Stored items
——————

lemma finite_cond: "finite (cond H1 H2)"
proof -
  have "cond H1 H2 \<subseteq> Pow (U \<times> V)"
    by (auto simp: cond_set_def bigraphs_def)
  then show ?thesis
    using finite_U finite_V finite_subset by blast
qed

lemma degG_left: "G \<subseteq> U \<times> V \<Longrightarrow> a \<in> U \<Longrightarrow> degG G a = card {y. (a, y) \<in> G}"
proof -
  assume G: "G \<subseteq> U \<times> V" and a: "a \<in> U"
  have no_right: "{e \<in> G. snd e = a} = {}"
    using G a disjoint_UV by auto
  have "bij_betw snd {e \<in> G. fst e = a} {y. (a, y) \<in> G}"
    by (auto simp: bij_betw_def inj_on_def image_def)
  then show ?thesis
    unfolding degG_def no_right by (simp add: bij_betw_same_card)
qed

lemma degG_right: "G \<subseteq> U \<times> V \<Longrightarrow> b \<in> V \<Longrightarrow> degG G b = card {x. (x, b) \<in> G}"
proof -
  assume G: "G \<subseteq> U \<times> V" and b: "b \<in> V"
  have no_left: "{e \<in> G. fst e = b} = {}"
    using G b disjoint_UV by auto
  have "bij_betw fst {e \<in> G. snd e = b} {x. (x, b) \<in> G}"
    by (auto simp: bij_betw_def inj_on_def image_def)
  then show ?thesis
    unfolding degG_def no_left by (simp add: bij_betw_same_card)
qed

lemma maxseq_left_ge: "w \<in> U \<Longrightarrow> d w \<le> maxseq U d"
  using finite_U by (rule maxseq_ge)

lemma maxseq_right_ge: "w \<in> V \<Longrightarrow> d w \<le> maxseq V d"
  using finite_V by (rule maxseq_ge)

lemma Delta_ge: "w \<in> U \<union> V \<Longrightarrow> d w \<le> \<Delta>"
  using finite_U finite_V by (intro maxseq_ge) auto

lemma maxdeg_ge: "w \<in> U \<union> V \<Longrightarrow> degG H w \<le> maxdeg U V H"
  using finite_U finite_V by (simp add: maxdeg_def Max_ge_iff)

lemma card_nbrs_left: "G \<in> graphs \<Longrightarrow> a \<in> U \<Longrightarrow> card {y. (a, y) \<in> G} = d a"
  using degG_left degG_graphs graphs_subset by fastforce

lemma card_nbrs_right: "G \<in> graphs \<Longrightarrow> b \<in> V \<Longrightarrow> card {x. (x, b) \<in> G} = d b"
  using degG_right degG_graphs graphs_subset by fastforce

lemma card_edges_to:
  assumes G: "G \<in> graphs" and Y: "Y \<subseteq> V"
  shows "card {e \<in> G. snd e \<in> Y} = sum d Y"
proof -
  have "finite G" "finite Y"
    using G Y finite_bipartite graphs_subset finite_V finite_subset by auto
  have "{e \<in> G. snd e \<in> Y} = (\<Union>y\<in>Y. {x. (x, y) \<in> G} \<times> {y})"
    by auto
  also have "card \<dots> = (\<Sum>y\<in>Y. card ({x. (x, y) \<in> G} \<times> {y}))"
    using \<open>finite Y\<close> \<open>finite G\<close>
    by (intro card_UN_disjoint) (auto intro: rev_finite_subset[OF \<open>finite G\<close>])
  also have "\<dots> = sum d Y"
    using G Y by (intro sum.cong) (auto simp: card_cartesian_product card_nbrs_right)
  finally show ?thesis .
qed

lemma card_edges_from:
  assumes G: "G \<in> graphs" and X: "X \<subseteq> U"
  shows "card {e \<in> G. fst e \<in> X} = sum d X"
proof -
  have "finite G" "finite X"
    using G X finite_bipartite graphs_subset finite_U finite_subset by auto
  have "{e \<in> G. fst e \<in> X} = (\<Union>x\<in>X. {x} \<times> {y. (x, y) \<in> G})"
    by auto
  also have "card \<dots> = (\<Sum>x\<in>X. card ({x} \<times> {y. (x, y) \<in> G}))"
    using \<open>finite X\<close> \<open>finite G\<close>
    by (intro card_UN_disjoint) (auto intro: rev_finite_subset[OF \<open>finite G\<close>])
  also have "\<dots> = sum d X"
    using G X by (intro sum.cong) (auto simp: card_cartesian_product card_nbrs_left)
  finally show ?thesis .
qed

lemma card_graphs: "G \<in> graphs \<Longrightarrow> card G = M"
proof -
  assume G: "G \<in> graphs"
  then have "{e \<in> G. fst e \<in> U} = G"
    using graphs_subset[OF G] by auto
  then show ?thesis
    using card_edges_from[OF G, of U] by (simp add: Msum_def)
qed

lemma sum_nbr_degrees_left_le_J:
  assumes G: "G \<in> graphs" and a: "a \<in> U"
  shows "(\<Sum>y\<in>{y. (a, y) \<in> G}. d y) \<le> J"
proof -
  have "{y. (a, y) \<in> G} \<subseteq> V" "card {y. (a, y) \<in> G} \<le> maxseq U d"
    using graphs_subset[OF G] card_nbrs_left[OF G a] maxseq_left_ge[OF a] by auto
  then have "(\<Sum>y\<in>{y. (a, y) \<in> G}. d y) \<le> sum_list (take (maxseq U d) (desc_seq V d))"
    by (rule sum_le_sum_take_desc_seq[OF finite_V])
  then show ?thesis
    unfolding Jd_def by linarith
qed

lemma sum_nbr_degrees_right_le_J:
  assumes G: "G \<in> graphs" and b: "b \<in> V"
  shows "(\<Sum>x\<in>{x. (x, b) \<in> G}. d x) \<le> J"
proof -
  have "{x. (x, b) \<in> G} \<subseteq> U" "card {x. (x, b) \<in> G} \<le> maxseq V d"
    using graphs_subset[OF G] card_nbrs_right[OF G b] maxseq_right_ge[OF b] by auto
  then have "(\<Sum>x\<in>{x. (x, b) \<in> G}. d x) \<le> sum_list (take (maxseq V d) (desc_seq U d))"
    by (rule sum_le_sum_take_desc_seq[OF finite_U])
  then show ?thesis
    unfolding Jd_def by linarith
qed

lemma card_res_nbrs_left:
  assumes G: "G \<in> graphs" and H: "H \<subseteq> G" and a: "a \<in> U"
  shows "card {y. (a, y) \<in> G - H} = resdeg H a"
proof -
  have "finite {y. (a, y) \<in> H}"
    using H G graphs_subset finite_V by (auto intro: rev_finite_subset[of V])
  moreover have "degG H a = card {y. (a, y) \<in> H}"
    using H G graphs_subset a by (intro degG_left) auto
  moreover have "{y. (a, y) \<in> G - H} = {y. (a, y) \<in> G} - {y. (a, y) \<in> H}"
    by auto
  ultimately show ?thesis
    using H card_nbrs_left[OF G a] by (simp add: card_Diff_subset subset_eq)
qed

——————

• TASK INSTRUCTIONS
Make a faithful copy of every record above.

• ANSWER TO THE EXERCISE
lemma finite_cond: "finite (cond H1 H2)"
proof -
  have "cond H1 H2 \<subseteq> Pow (U \<times> V)"
    by (auto simp: cond_set_def bigraphs_def)
  then show ?thesis
    using finite_U finite_V finite_subset by blast
qed

lemma degG_left: "G \<subseteq> U \<times> V \<Longrightarrow> a \<in> U \<Longrightarrow> degG G a = card {y. (a, y) \<in> G}"
proof -
  assume G: "G \<subseteq> U \<times> V" and a: "a \<in> U"
  have no_right: "{e \<in> G. snd e = a} = {}"
    using G a disjoint_UV by auto
  have "bij_betw snd {e \<in> G. fst e = a} {y. (a, y) \<in> G}"
    by (auto simp: bij_betw_def inj_on_def image_def)
  then show ?thesis
    unfolding degG_def no_right by (simp add: bij_betw_same_card)
qed

lemma degG_right: "G \<subseteq> U \<times> V \<Longrightarrow> b \<in> V \<Longrightarrow> degG G b = card {x. (x, b) \<in> G}"
proof -
  assume G: "G \<subseteq> U \<times> V" and b: "b \<in> V"
  have no_left: "{e \<in> G. fst e = b} = {}"
    using G b disjoint_UV by auto
  have "bij_betw fst {e \<in> G. snd e = b} {x. (x, b) \<in> G}"
    by (auto simp: bij_betw_def inj_on_def image_def)
  then show ?thesis
    unfolding degG_def no_left by (simp add: bij_betw_same_card)
qed

lemma maxseq_left_ge: "w \<in> U \<Longrightarrow> d w \<le> maxseq U d"
  using finite_U by (rule maxseq_ge)

lemma maxseq_right_ge: "w \<in> V \<Longrightarrow> d w \<le> maxseq V d"
  using finite_V by (rule maxseq_ge)

lemma Delta_ge: "w \<in> U \<union> V \<Longrightarrow> d w \<le> \<Delta>"
  using finite_U finite_V by (intro maxseq_ge) auto

lemma maxdeg_ge: "w \<in> U \<union> V \<Longrightarrow> degG H w \<le> maxdeg U V H"
  using finite_U finite_V by (simp add: maxdeg_def Max_ge_iff)

lemma card_nbrs_left: "G \<in> graphs \<Longrightarrow> a \<in> U \<Longrightarrow> card {y. (a, y) \<in> G} = d a"
  using degG_left degG_graphs graphs_subset by fastforce

lemma card_nbrs_right: "G \<in> graphs \<Longrightarrow> b \<in> V \<Longrightarrow> card {x. (x, b) \<in> G} = d b"
  using degG_right degG_graphs graphs_subset by fastforce

lemma card_edges_to:
  assumes G: "G \<in> graphs" and Y: "Y \<subseteq> V"
  shows "card {e \<in> G. snd e \<in> Y} = sum d Y"
proof -
  have "finite G" "finite Y"
    using G Y finite_bipartite graphs_subset finite_V finite_subset by auto
  have "{e \<in> G. snd e \<in> Y} = (\<Union>y\<in>Y. {x. (x, y) \<in> G} \<times> {y})"
    by auto
  also have "card \<dots> = (\<Sum>y\<in>Y. card ({x. (x, y) \<in> G} \<times> {y}))"
    using \<open>finite Y\<close> \<open>finite G\<close>
    by (intro card_UN_disjoint) (auto intro: rev_finite_subset[OF \<open>finite G\<close>])
  also have "\<dots> = sum d Y"
    using G Y by (intro sum.cong) (auto simp: card_cartesian_product card_nbrs_right)
  finally show ?thesis .
qed

lemma card_edges_from:
  assumes G: "G \<in> graphs" and X: "X \<subseteq> U"
  shows "card {e \<in> G. fst e \<in> X} = sum d X"
proof -
  have "finite G" "finite X"
    using G X finite_bipartite graphs_subset finite_U finite_subset by auto
  have "{e \<in> G. fst e \<in> X} = (\<Union>x\<in>X. {x} \<times> {y. (x, y) \<in> G})"
    by auto
  also have "card \<dots> = (\<Sum>x\<in>X. card ({x} \<times> {y. (x, y) \<in> G}))"
    using \<open>finite X\<close> \<open>finite G\<close>
    by (intro card_UN_disjoint) (auto intro: rev_finite_subset[OF \<open>finite G\<close>])
  also have "\<dots> = sum d X"
    using G X by (intro sum.cong) (auto simp: card_cartesian_product card_nbrs_left)
  finally show ?thesis .
qed

lemma card_graphs: "G \<in> graphs \<Longrightarrow> card G = M"
proof -
  assume G: "G \<in> graphs"
  then have "{e \<in> G. fst e \<in> U} = G"
    using graphs_subset[OF G] by auto
  then show ?thesis
    using card_edges_from[OF G, of U] by (simp add: Msum_def)
qed

lemma sum_nbr_degrees_left_le_J:
  assumes G: "G \<in> graphs" and a: "a \<in> U"
  shows "(\<Sum>y\<in>{y. (a, y) \<in> G}. d y) \<le> J"
proof -
  have "{y. (a, y) \<in> G} \<subseteq> V" "card {y. (a, y) \<in> G} \<le> maxseq U d"
    using graphs_subset[OF G] card_nbrs_left[OF G a] maxseq_left_ge[OF a] by auto
  then have "(\<Sum>y\<in>{y. (a, y) \<in> G}. d y) \<le> sum_list (take (maxseq U d) (desc_seq V d))"
    by (rule sum_le_sum_take_desc_seq[OF finite_V])
  then show ?thesis
    unfolding Jd_def by linarith
qed

lemma sum_nbr_degrees_right_le_J:
  assumes G: "G \<in> graphs" and b: "b \<in> V"
  shows "(\<Sum>x\<in>{x. (x, b) \<in> G}. d x) \<le> J"
proof -
  have "{x. (x, b) \<in> G} \<subseteq> U" "card {x. (x, b) \<in> G} \<le> maxseq V d"
    using graphs_subset[OF G] card_nbrs_right[OF G b] maxseq_right_ge[OF b] by auto
  then have "(\<Sum>x\<in>{x. (x, b) \<in> G}. d x) \<le> sum_list (take (maxseq V d) (desc_seq U d))"
    by (rule sum_le_sum_take_desc_seq[OF finite_U])
  then show ?thesis
    unfolding Jd_def by linarith
qed

lemma card_res_nbrs_left:
  assumes G: "G \<in> graphs" and H: "H \<subseteq> G" and a: "a \<in> U"
  shows "card {y. (a, y) \<in> G - H} = resdeg H a"
proof -
  have "finite {y. (a, y) \<in> H}"
    using H G graphs_subset finite_V by (auto intro: rev_finite_subset[of V])
  moreover have "degG H a = card {y. (a, y) \<in> H}"
    using H G graphs_subset a by (intro degG_left) auto
  moreover have "{y. (a, y) \<in> G - H} = {y. (a, y) \<in> G} - {y. (a, y) \<in> H}"
    by auto
  ultimately show ?thesis
    using H card_nbrs_left[OF G a] by (simp add: card_Diff_subset subset_eq)
qed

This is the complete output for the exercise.